Goal of the exercise:
The records that follow are to be reproduced verbatim.

Supplied material:
━━━━━━

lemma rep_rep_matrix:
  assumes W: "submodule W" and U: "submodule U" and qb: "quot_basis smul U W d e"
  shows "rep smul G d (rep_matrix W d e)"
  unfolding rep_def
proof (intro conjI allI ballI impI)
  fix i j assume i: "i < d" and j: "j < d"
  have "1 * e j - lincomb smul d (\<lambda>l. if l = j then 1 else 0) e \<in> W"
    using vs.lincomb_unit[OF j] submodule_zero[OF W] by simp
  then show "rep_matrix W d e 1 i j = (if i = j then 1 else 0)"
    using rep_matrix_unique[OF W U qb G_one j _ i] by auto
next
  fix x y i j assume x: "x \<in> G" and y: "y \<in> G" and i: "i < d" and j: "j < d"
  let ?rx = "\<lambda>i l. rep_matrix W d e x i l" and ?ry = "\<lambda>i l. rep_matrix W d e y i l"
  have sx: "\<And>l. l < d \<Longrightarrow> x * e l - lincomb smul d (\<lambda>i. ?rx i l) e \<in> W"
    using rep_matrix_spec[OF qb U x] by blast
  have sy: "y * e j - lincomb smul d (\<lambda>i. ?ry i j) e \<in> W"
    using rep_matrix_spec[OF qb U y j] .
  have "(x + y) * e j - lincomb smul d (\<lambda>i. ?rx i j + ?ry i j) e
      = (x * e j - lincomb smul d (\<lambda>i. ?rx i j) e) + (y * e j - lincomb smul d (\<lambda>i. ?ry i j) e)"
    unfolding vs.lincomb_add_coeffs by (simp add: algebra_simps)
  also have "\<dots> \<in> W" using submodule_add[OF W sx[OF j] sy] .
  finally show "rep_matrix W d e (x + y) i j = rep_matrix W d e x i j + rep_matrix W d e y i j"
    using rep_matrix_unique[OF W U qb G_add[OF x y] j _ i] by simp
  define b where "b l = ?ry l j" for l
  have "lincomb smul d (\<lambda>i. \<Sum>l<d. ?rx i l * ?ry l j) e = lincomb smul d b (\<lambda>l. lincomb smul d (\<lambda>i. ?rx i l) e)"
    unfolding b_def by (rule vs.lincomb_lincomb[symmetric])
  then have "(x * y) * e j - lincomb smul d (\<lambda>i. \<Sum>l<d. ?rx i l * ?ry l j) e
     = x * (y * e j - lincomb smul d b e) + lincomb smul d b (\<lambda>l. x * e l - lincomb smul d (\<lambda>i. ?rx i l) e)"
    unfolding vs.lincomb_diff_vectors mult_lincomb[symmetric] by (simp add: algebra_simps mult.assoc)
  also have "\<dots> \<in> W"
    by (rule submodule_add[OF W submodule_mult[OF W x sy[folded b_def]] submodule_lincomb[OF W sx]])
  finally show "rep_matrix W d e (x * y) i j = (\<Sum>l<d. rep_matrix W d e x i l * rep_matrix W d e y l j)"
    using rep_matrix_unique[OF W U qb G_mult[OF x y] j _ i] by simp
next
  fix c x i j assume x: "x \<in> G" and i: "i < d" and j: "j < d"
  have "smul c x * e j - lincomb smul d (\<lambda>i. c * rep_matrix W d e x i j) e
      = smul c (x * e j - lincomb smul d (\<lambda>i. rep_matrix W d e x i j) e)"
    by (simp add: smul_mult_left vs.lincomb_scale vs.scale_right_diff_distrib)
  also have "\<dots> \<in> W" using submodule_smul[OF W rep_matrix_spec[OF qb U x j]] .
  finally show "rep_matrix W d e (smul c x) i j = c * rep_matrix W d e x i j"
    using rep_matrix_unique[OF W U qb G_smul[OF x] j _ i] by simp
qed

━━━━━━

Written solution:
lemma rep_rep_matrix:
  assumes W: "submodule W" and U: "submodule U" and qb: "quot_basis smul U W d e"
  shows "rep smul G d (rep_matrix W d e)"
  unfolding rep_def
proof (intro conjI allI ballI impI)
  fix i j assume i: "i < d" and j: "j < d"
  have "1 * e j - lincomb smul d (\<lambda>l. if l = j then 1 else 0) e \<in> W"
    using vs.lincomb_unit[OF j] submodule_zero[OF W] by simp
  then show "rep_matrix W d e 1 i j = (if i = j then 1 else 0)"
    using rep_matrix_unique[OF W U qb G_one j _ i] by auto
next
  fix x y i j assume x: "x \<in> G" and y: "y \<in> G" and i: "i < d" and j: "j < d"
  let ?rx = "\<lambda>i l. rep_matrix W d e x i l" and ?ry = "\<lambda>i l. rep_matrix W d e y i l"
  have sx: "\<And>l. l < d \<Longrightarrow> x * e l - lincomb smul d (\<lambda>i. ?rx i l) e \<in> W"
    using rep_matrix_spec[OF qb U x] by blast
  have sy: "y * e j - lincomb smul d (\<lambda>i. ?ry i j) e \<in> W"
    using rep_matrix_spec[OF qb U y j] .
  have "(x + y) * e j - lincomb smul d (\<lambda>i. ?rx i j + ?ry i j) e
      = (x * e j - lincomb smul d (\<lambda>i. ?rx i j) e) + (y * e j - lincomb smul d (\<lambda>i. ?ry i j) e)"
    unfolding vs.lincomb_add_coeffs by (simp add: algebra_simps)
  also have "\<dots> \<in> W" using submodule_add[OF W sx[OF j] sy] .
  finally show "rep_matrix W d e (x + y) i j = rep_matrix W d e x i j + rep_matrix W d e y i j"
    using rep_matrix_unique[OF W U qb G_add[OF x y] j _ i] by simp
  define b where "b l = ?ry l j" for l
  have "lincomb smul d (\<lambda>i. \<Sum>l<d. ?rx i l * ?ry l j) e = lincomb smul d b (\<lambda>l. lincomb smul d (\<lambda>i. ?rx i l) e)"
    unfolding b_def by (rule vs.lincomb_lincomb[symmetric])
  then have "(x * y) * e j - lincomb smul d (\<lambda>i. \<Sum>l<d. ?rx i l * ?ry l j) e
     = x * (y * e j - lincomb smul d b e) + lincomb smul d b (\<lambda>l. x * e l - lincomb smul d (\<lambda>i. ?rx i l) e)"
    unfolding vs.lincomb_diff_vectors mult_lincomb[symmetric] by (simp add: algebra_simps mult.assoc)
  also have "\<dots> \<in> W"
    by (rule submodule_add[OF W submodule_mult[OF W x sy[folded b_def]] submodule_lincomb[OF W sx]])
  finally show "rep_matrix W d e (x * y) i j = (\<Sum>l<d. rep_matrix W d e x i l * rep_matrix W d e y l j)"
    using rep_matrix_unique[OF W U qb G_mult[OF x y] j _ i] by simp
next
  fix c x i j assume x: "x \<in> G" and i: "i < d" and j: "j < d"
  have "smul c x * e j - lincomb smul d (\<lambda>i. c * rep_matrix W d e x i j) e
      = smul c (x * e j - lincomb smul d (\<lambda>i. rep_matrix W d e x i j) e)"
    by (simp add: smul_mult_left vs.lincomb_scale vs.scale_right_diff_distrib)
  also have "\<dots> \<in> W" using submodule_smul[OF W rep_matrix_spec[OF qb U x j]] .
  finally show "rep_matrix W d e (smul c x) i j = c * rep_matrix W d e x i j"
    using rep_matrix_unique[OF W U qb G_smul[OF x] j _ i] by simp
qed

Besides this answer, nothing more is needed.